Merlin stopped speaking, but with the expression of a man ready to continue at any moment.

“Hello,” I said into the receiver again. “Who’s speaking? Who are you looking for?” I said out of old habit.

“That’s enough of that from you. You’re not in the circus now, Privalov.”

“I’m sorry, Modest Matveevich. Duty staff member Privalov here.”

“That’s better. Now report.”

“Report what?”

“Listen here, Privalov, there you go again behaving like I don’t know what. Who’s that you’re talking with there? Why are there outsiders at your post? Why, in contravention of the labor regulations, are there still people in the Institute after the end of the working day?”

“It’s Merlin,” I said.

“Throw him out on his ear!”

“Gladly,” I said. (Merlin, who had no doubt been listening, broke out in red blotches, exclaimed, “Boorish churl!” and dissolved into thin air.)

“Gladly or otherwise, it makes no difference to me. And I’ve received a warning here that you’re piling up the keys entrusted to you in a heap on the desk, instead of locking them in the box.”

Vybegallo ratted on me, I thought.

“Haven’t you got anything to say?”

“I’ll put that right.”

“That’s the way of things,” said Modest Matveevich. “Unflagging vigilance is absolutely essential. Is that clear?”

“It is.”

“That’s all from me, then,” Modest Matveevich said, and hung up.

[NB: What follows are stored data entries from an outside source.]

(* Let $\lambda$ be a partition of $n$. Then $$\sum_{\pi\in S_\lambda} q^{\mathrm{maj}(\pi)}t^{\mathrm{des}(\pi)}=\sum_{\nu\trianglerighteq\lambda}K_{\nu\lambda}\sum_{T\in\mathrm{QYT}(\nu)}q^{\mathrm{maj}(T)}t^{\mathrm{des}(T)},$$ where $\nu$ ranges over partitions of $n$ dominating $\lambda$.
   Context: $S_\lambda$ is the set of multiset permutations (words) of the multiset $\{1^{\lambda_1},2^{\lambda_2},\dots\}$; for a word $\pi=\pi_1\cdots\pi_n$, $\mathrm{Des}(\pi)=\{i:\pi_i>\pi_{i+1}\}$, $\mathrm{des}(\pi)=|\mathrm{Des}(\pi)|$, $\mathrm{maj}(\pi)=\sum_{i\in\mathrm{Des}(\pi)}i$. $\nu\trianglerighteq\lambda$ means $\nu_1+\cdots+\nu_i\ge\lambda_1+\cdots+\lambda_i$ for all $i$. $K_{\nu\lambda}$ is the Kostka number (number of semistandard Young tableaux of shape $\nu$ and weight $\lambda$). Tableaux are in French convention. For a standard Young tableau $T$, $\mathrm{Des}(T)=\{i: i+1$ lies in a strictly higher row than $i\}$, and $\mathrm{des},\mathrm{maj}$ are defined as for words. A quasi-Yamanouchi tableau (QYT) is a semistandard Young tableau such that whenever an entry $i\ge2$ appears, some instance of $i$ lies in a strictly higher row than some instance of $i-1$; $\mathrm{QYT}(\nu)$ is the set of QYT of shape $\nu$. Standardization (replace the $1$'s by $1,2,\dots$ left to right, then the $2$'s by the next integers left to right, etc.) is a bijection from $\mathrm{QYT}(\nu)$ to standard Young tableaux of shape $\nu$; $\mathrm{maj},\mathrm{des}$ of a QYT are those of its standardization. *)

theory Defs
  imports Main "HOL-Library.Multiset"
begin

definition partitions_of :: "nat \<Rightarrow> nat list set" where
  "partitions_of n = {nu. sorted_wrt (\<ge>) nu \<and> 0 \<notin> set nu \<and> sum_list nu = n}"

definition dominates :: "nat list \<Rightarrow> nat list \<Rightarrow> bool" where
  "dominates nu la \<longleftrightarrow> (\<forall>i. sum_list (take i la) \<le> sum_list (take i nu))"

definition words :: "nat list \<Rightarrow> nat list set" where
  "words la = {w. mset w = (\<Sum>i<length la. replicate_mset (la ! i) (Suc i))}"

text \<open>Descent set of a word, positions 1-indexed.\<close>
definition word_Des :: "nat list \<Rightarrow> nat set" where
  "word_Des w = {i. 1 \<le> i \<and> i < length w \<and> w ! (i - 1) > w ! i}"

definition word_des :: "nat list \<Rightarrow> nat" where
  "word_des w = card (word_Des w)"

definition word_maj :: "nat list \<Rightarrow> nat" where
  "word_maj w = \<Sum>(word_Des w)"
(* Let $(X,m)$, $X=\{x_1,\ldots,x_n\}\subset\mathbb{R}^N$, be a central configuration with nonzero masses, exponent $a\neq0$, nonzero total mass $\mu_0$, and codimension $c$, and let $\lambda\in\mathbb{R}$ be such that $\sum_{i\neq j}m_iS_{ij}\overrightarrow{x_jx_i}=\overrightarrow{O}$ for all $j$, where $S_{ij}=s_{ij}^a-\lambda/\mu_0$ for $i\neq j$. Define $S_{jj}=-\frac{1}{m_j}\sum_{i\neq j}m_iS_{ij}$ and the vectors $C_j=(m_1S_{1j},\ldots,m_nS_{nj})\in\mathbb{R}^n$. Then for any $k,l\ge0$ with $k+l=c+1$, every $(c+1)\times(c+1)$ minor of any $n\times(c+1)$ matrix whose columns are $k$ of the vectors $C_j$ and $l$ vectors of $\mathbb{W}_0(X)$ vanishes. In particular, every $(c+1)\times(c+1)$ minor of the $n\times n$ matrix $(S_{ij})$ is zero.
   Context: $s_{ij}=\overrightarrow{x_ix_j}^2$. A central configuration has accelerations $\overrightarrow{\gamma}_j=-\sum_{i\neq j}m_is_{ij}^a\overrightarrow{x_ix_j}$ such that, for some vector $\overrightarrow{\gamma}_O$, point $x_O$ and real $\lambda$, $\overrightarrow{\gamma}_j-\overrightarrow{\gamma}_O=\lambda\overrightarrow{x_Ox_j}$ for all $j$; for $\mu_0\neq0$ these equations take the form given in the claim. The codimension of $X$ is $(n-1)-d$ with $d$ the dimension of the affine hull of $X$. $\mathbb{W}_0(X)$ is the space of weight vectors $(w_i)$ with $\sum_iw_i\overrightarrow{px_i}=\overrightarrow{O}$ for all points $p$. *)

theory Defs
  imports "HOL-Analysis.Analysis"
begin

text \<open>Configurations: points x 0, ..., x (n-1) in a Euclidean space, masses m 0, ..., m (n-1).
  Indices are shifted by one with respect to the paper (x_1..x_n).\<close>

definition sqd :: "(nat \<Rightarrow> 'a::euclidean_space) \<Rightarrow> nat \<Rightarrow> nat \<Rightarrow> real" where
  "sqd x i j = (norm (x j - x i))^2"

definition accel :: "nat \<Rightarrow> (nat \<Rightarrow> 'a::euclidean_space) \<Rightarrow> (nat \<Rightarrow> real) \<Rightarrow> real \<Rightarrow> nat \<Rightarrow> 'a" where
  "accel n x m a j = - (\<Sum>i\<in>{..<n} - {j}. (m i * sqd x i j powr a) *\<^sub>R (x j - x i))"

definition central_config :: "nat \<Rightarrow> (nat \<Rightarrow> 'a::euclidean_space) \<Rightarrow> (nat \<Rightarrow> real) \<Rightarrow> real \<Rightarrow> bool" where
  "central_config n x m a \<longleftrightarrow>
     (\<exists>\<gamma>O xO lam. \<forall>j<n. accel n x m a j - \<gamma>O = lam *\<^sub>R (x j - xO))"

definition total_mass :: "nat \<Rightarrow> (nat \<Rightarrow> real) \<Rightarrow> real" where
  "total_mass n m = (\<Sum>i<n. m i)"

definition Soff :: "nat \<Rightarrow> (nat \<Rightarrow> 'a::euclidean_space) \<Rightarrow> (nat \<Rightarrow> real) \<Rightarrow> real \<Rightarrow> real \<Rightarrow> nat \<Rightarrow> nat \<Rightarrow> real" where
  "Soff n x m a lam i j = sqd x i j powr a - lam / total_mass n m"

definition Smat :: "nat \<Rightarrow> (nat \<Rightarrow> 'a::euclidean_space) \<Rightarrow> (nat \<Rightarrow> real) \<Rightarrow> real \<Rightarrow> real \<Rightarrow> nat \<Rightarrow> nat \<Rightarrow> real" where
  "Smat n x m a lam i j =
     (if i \<noteq> j then Soff n x m a lam i j
      else - (1 / m j) * (\<Sum>i'\<in>{..<n} - {j}. m i' * Soff n x m a lam i' j))"

definition Cvec :: "nat \<Rightarrow> (nat \<Rightarrow> 'a::euclidean_space) \<Rightarrow> (nat \<Rightarrow> real) \<Rightarrow> real \<Rightarrow> real \<Rightarrow> nat \<Rightarrow> nat \<Rightarrow> real" where
  "Cvec n x m a lam j i = m i * Smat n x m a lam i j"

definition W0 :: "nat \<Rightarrow> (nat \<Rightarrow> 'a::euclidean_space) \<Rightarrow> (nat \<Rightarrow> real) set" where
  "W0 n x = {w. (\<forall>i\<ge>n. w i = 0) \<and> (\<forall>p. (\<Sum>i<n. w i *\<^sub>R (x i - p)) = 0)}"

definition det_nat :: "nat \<Rightarrow> (nat \<Rightarrow> nat \<Rightarrow> real) \<Rightarrow> real" where
  "det_nat k A = (\<Sum>p | p permutes {..<k}. of_int (sign p) * (\<Prod>s<k. A s (p s)))"

end

theory Submission
  imports Defs "Jordan_Normal_Form.Determinant"
begin
lemma card_verts_double:
  assumes "finite (verts G)"
  shows "card (verts (double G)) = 2 * card (verts G)"
proof -
  have "tag True ` verts G \<inter> tag False ` verts G = {}"
    by auto
  then show ?thesis
    using assms by (simp add: verts_double card_Un_disjoint card_image inj_on_subset[OF inj_tag])
qed

lemma subgraph_embedding_tag: "subgraph_embedding (tag b) G (double G)"
  unfolding subgraph_embedding_def verts_double edges_double
  using inj_tag by (cases b) auto

lemma finite_simple_graph_double:
  assumes "finite_simple_graph G"
  shows "finite_simple_graph (double G)"
  unfolding finite_simple_graph_def
proof (intro conjI ballI)
  show "finite (verts (double G))"
    using finite_verts[OF assms] by (simp add: verts_double)
next
  fix e assume "e \<in> edges (double G)"
  then consider (copy) b e0 where "e0 \<in> edges G" "e = tag b ` e0"
    | (twin) x where "x \<in> verts G" "e = twin_edge x"
    unfolding edges_double by blast
  then show "\<exists>u v. e = {u, v} \<and> u \<noteq> v \<and> u \<in> verts (double G) \<and> v \<in> verts (double G)"
  proof cases
    case copy
    then obtain u v where "e0 = {u, v}" "u \<noteq> v" "u \<in> verts G" "v \<in> verts G"
      using assms unfolding finite_simple_graph_def by blast
    with copy show ?thesis
      by (intro exI[of _ "tag b u"] exI[of _ "tag b v"]) (cases b; simp add: verts_double)
  next
    case twin
    then show ?thesis
      by (intro exI[of _ "tag True x"] exI[of _ "tag False x"]) (simp add: verts_double twin_edge_def)
  qed
qed

lemma degree_double_tag_le:
  assumes G: "finite_simple_graph G" and x: "x \<in> verts G"
  shows "degree (double G) (tag b x) \<le> maxdeg G"
proof -
  let ?A = "(`) (tag b) ` {e \<in> edges G. x \<in> e}"
  let ?B = "if x \<in> core G then {} else {twin_edge x}"
  have "{e \<in> edges (double G). tag b x \<in> e} \<subseteq> ?A \<union> ?B"
    unfolding edges_double using x by (cases b) auto
  then have "degree (double G) (tag b x) \<le> card (?A \<union> ?B)"
    unfolding degree_def using finite_edges[OF G] by (intro card_mono) auto
  also have "\<dots> \<le> card ?A + card ?B"
    by (rule card_Un_le)
  also have "card ?A = degree G x"
    unfolding degree_def by (intro card_image inj_on_image_if_inj inj_tag)
  also have "degree G x + card ?B \<le> maxdeg G"
  proof (cases "x \<in> core G")
    case True
    then show ?thesis
      using degree_le_maxdeg[OF finite_verts[OF G] x] by simp
  next
    case False
    then have "degree G x < maxdeg G"
      using degree_le_maxdeg[OF finite_verts[OF G] x] x by (auto simp: core_def)
    with False show ?thesis
      by simp
  qed
  finally show ?thesis .
qed

lemma maxdeg_double_le:
  assumes "finite_simple_graph G" "verts G \<noteq> {}"
  shows "maxdeg (double G) \<le> maxdeg G"
proof (rule maxdeg_leI)
  show "finite (verts (double G))" "verts (double G) \<noteq> {}"
    using finite_verts[OF assms(1)] assms(2) by (auto simp: verts_double)
  fix y assume "y \<in> verts (double G)"
  then obtain b x where "x \<in> verts G" "y = tag b x"
    unfolding verts_double by blast
  then show "degree (double G) y \<le> maxdeg G"
    using degree_double_tag_le[OF assms(1)] by simp
qed

lemma es_Delta_double:
  assumes G: "finite_simple_graph G" "edges G \<noteq> {}"
  shows "2 * es_Delta G \<le> es_Delta (double G)"
proof -
  have D: "finite_simple_graph (double G)" "edges (double G) \<noteq> {}"
    using finite_simple_graph_double[OF G(1)] edges_double_nonempty[OF G(2)] .
  obtain F where F: "F \<subseteq> edges (double G)" "card F = es_Delta (double G)"
    "maxdeg (verts (double G), edges (double G) - F) = maxdeg (double G) - 1"
    using es_Delta_attained[OF D] .
  let ?F = "\<lambda>b. F \<inter> (`) (tag b) ` edges G"
  have copy: "es_Delta G \<le> card (?F b)" for b
    using es_Delta_le_embedding[OF subgraph_embedding_tag G D(1)
        maxdeg_double_le[OF G(1) verts_nonempty_if_edge[OF G]]] F(3)
    by simp
  have "?F True \<inter> ?F False = {}"
  proof (rule equals0I)
    fix e assume "e \<in> ?F True \<inter> ?F False"
    then obtain e1 e2 where "e1 \<in> edges G" "tag True ` e1 = tag False ` e2"
      by auto
    then show False
      using tag_image_neq edge_nonempty[OF G(1)] by metis
  qed
  moreover have "finite F"
    using finite_subset[OF F(1) finite_edges[OF D(1)]] .
  ultimately have "card (?F True) + card (?F False) = card (?F True \<union> ?F False)"
    by (intro card_Un_disjoint[symmetric]) auto
  also have "\<dots> \<le> card F"
    using \<open>finite F\<close> by (intro card_mono) auto
  finally show ?thesis
    using copy[of True] copy[of False] F(2) by linarith
qed

lemma finite_simple_graph_funpow_double:
  "finite_simple_graph G \<Longrightarrow> finite_simple_graph ((double ^^ k) G)"
  by (induction k) (simp_all add: finite_simple_graph_double)

lemma edges_funpow_double_nonempty: "edges G \<noteq> {} \<Longrightarrow> edges ((double ^^ k) G) \<noteq> {}"
  by (induction k) (simp_all add: edges_double_nonempty)

lemma card_verts_funpow_double:
  assumes "finite_simple_graph G"
  shows "card (verts ((double ^^ k) G)) = 2 ^ k * card (verts G)"
proof (induction k)
  case (Suc k)
  then show ?case
    using card_verts_double[OF finite_verts[OF finite_simple_graph_funpow_double[OF assms]]]
    by simp
qed simp

lemma es_Delta_funpow_double:
  assumes "finite_simple_graph G" "edges G \<noteq> {}"
  shows "2 ^ k * es_Delta G \<le> es_Delta ((double ^^ k) G)"
proof (induction k)
  case (Suc k)
  have "2 ^ Suc k * es_Delta G \<le> 2 * es_Delta ((double ^^ k) G)"
    using Suc.IH by simp
  also have "\<dots> \<le> es_Delta ((double ^^ Suc k) G)"
    using es_Delta_double[OF finite_simple_graph_funpow_double[OF assms(1)]
        edges_funpow_double_nonempty[OF assms(2)]]
    by simp
  finally show ?case .
qed simp
lemma prob_FL_greater:
  assumes "0 \<le> a" "a \<le> 1"
  shows "prob {\<omega>\<in>space M. a < FL (L \<omega>)} = 1 - a"
proof -
  have "prob {\<omega>\<in>space M. a < FL (L \<omega>)} = prob (space M - {\<omega>\<in>space M. FL (L \<omega>) \<le> a})"
    by (intro arg_cong[where f=prob]) auto
  then show ?thesis using prob_FL_le[OF assms] by (simp add: prob_compl)
qed

lemma distributed_FL_uniform:
  "distributed M lborel (\<lambda>\<omega>. FL (L \<omega>)) (\<lambda>u. ennreal (indicator {0..1} u))"
  using uniform_distrI_borel_atLeastAtMost[of "\<lambda>\<omega>. FL (L \<omega>)" 0 1] prob_FL_le by simp

lemma cdf_pos_quantile_FL:
  assumes G: "is_cdf G" "\<forall>x<0. G x = 0"
  shows "cdf (distr M borel (\<lambda>\<omega>. pos_quantile G (FL (L \<omega>)))) = G"
proof
  fix t
  note [measurable] = borel_measurable_pos_quantile[OF G(1)]
  have "cdf (distr M borel (\<lambda>\<omega>. pos_quantile G (FL (L \<omega>)))) t
      = prob {\<omega>\<in>space M. pos_quantile G (FL (L \<omega>)) \<le> t}"
    by (simp add: cdf_def measure_distr vimage_def Int_def conj_commute)
  also have "\<dots> = prob {\<omega>\<in>space M. FL (L \<omega>) \<le> G t}"
    by (rule finite_measure_eq_AE)
      (use AE_FL_in_unit in \<open>eventually_elim, auto simp: pos_quantile_le_iff[OF G(1,2)]\<close>)
  also have "\<dots> = G t"
    using prob_FL_le is_cdf_bounded[OF G(1)] by simp
  finally show "cdf (distr M borel (\<lambda>\<omega>. pos_quantile G (FL (L \<omega>)))) t = G t" .
qed

lemma nn_integral_pos_quantile_FL_square:
  assumes G: "is_cdf G" "\<forall>x<0. G x = 0"
    and square_integrable: "set_integrable lborel {0<..<1} (\<lambda>u. (quantile G u)\<^sup>2)"
  shows "(\<integral>\<^sup>+\<omega>. ennreal ((pos_quantile G (FL (L \<omega>)))\<^sup>2) \<partial>M) < \<infinity>"
proof -
  note [measurable] = borel_measurable_pos_quantile[OF G(1)]
  have "(\<integral>\<^sup>+\<omega>. ennreal ((pos_quantile G (FL (L \<omega>)))\<^sup>2) \<partial>M)
      = (\<integral>\<^sup>+u. ennreal (indicator {0..1} u) * ennreal ((pos_quantile G u)\<^sup>2) \<partial>lborel)"
    by (rule distributed_nn_integral[OF distributed_FL_uniform, symmetric]) measurable
  also have "\<dots> = (\<integral>\<^sup>+u. ennreal (norm (indicator {0<..<1} u *\<^sub>R (quantile G u)\<^sup>2)) \<partial>lborel)"
    by (intro nn_integral_cong)
      (auto simp: indicator_def pos_quantile_def quantile_nonneg[OF G])
  also have "\<dots> < \<infinity>"
    using square_integrable unfolding set_integrable_def integrable_iff_bounded by simp
  finally show ?thesis .
qed

end

section \<open>Neyman--Pearson and the rearrangement inequality\<close>

text \<open>With \<open>M = \<P>\<^sup>*\<close> and \<open>L = d\<P>\<^sup>*/d\<Q>\<close>, integrals against \<open>1 / L\<close> under \<open>M\<close> are
  expectations under \<open>\<Q>\<close>, i.e.\ prices.\<close>
locale rearrangement = continuous_cdf_rv +
  assumes AE_L_pos: "AE \<omega> in M. 0 < L \<omega>"
    and integrable_inv_L: "integrable M (\<lambda>\<omega>. 1 / L \<omega>)"
begin

lemma integrable_indicator_inv_L: "A \<in> sets M \<Longrightarrow> integrable M (\<lambda>\<omega>. indicator A \<omega> * (1 / L \<omega>))"
  using integrable_real_mult_indicator[OF _ integrable_inv_L] by (simp add: mult.commute)

lemma integral_indicator_inv_L_nonneg: "0 \<le> (\<integral>\<omega>. indicator A \<omega> * (1 / L \<omega>) \<partial>M)"
  using AE_L_pos by (intro integral_nonneg_AE) (auto elim!: eventually_mono)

“All right, then,” said Oira-Oira, “I’ll go and start opening cans and uncorking bottles. Cheers for now—I’ll drop by again later.”

2

I walked on, descending dark passages, in order to ascend again to the floors above. I was alone, I called out, nobody answered, I was alone; there was no one in that house—a house as vast and tortuous as a labyrinth.

—Guy de Maupassant

I dropped the keys into my jacket pocket and set off on my first round. I went down the formal staircase, which I could only ever remember being used on one occasion, when the Institute was visited by a most august personage from Africa, into the vast entrance hall decorated with centuries-old strata of architectural extravagance, and glanced in the window of the doorman’s chamber, where I could vaguely make out the two Maxwell’s macrodemons through the phosphorescent mist. The demons were playing that most stochastic of games—heads or tails, which was what they did whenever they weren’t on duty. Huge, sluggish, and indescribably grotesque, resembling more than anything else colonies of the polio virus under an electron microscope, dressed in worn-out livery, they spent all their lives, as Maxwell’s demons are supposed to do, opening and closing doors. These were experienced, well-trained specimens, but one of them—the one in charge of the exits—had already reached retirement age, commensurate with the age of the galaxy, and every now and then he lapsed into senile dementia and started malfunctioning. Then someone from the Technical Service Department had to put on a diving suit, clamber into the chamber, which was filled with compressed argon, and restore the old guy to his senses.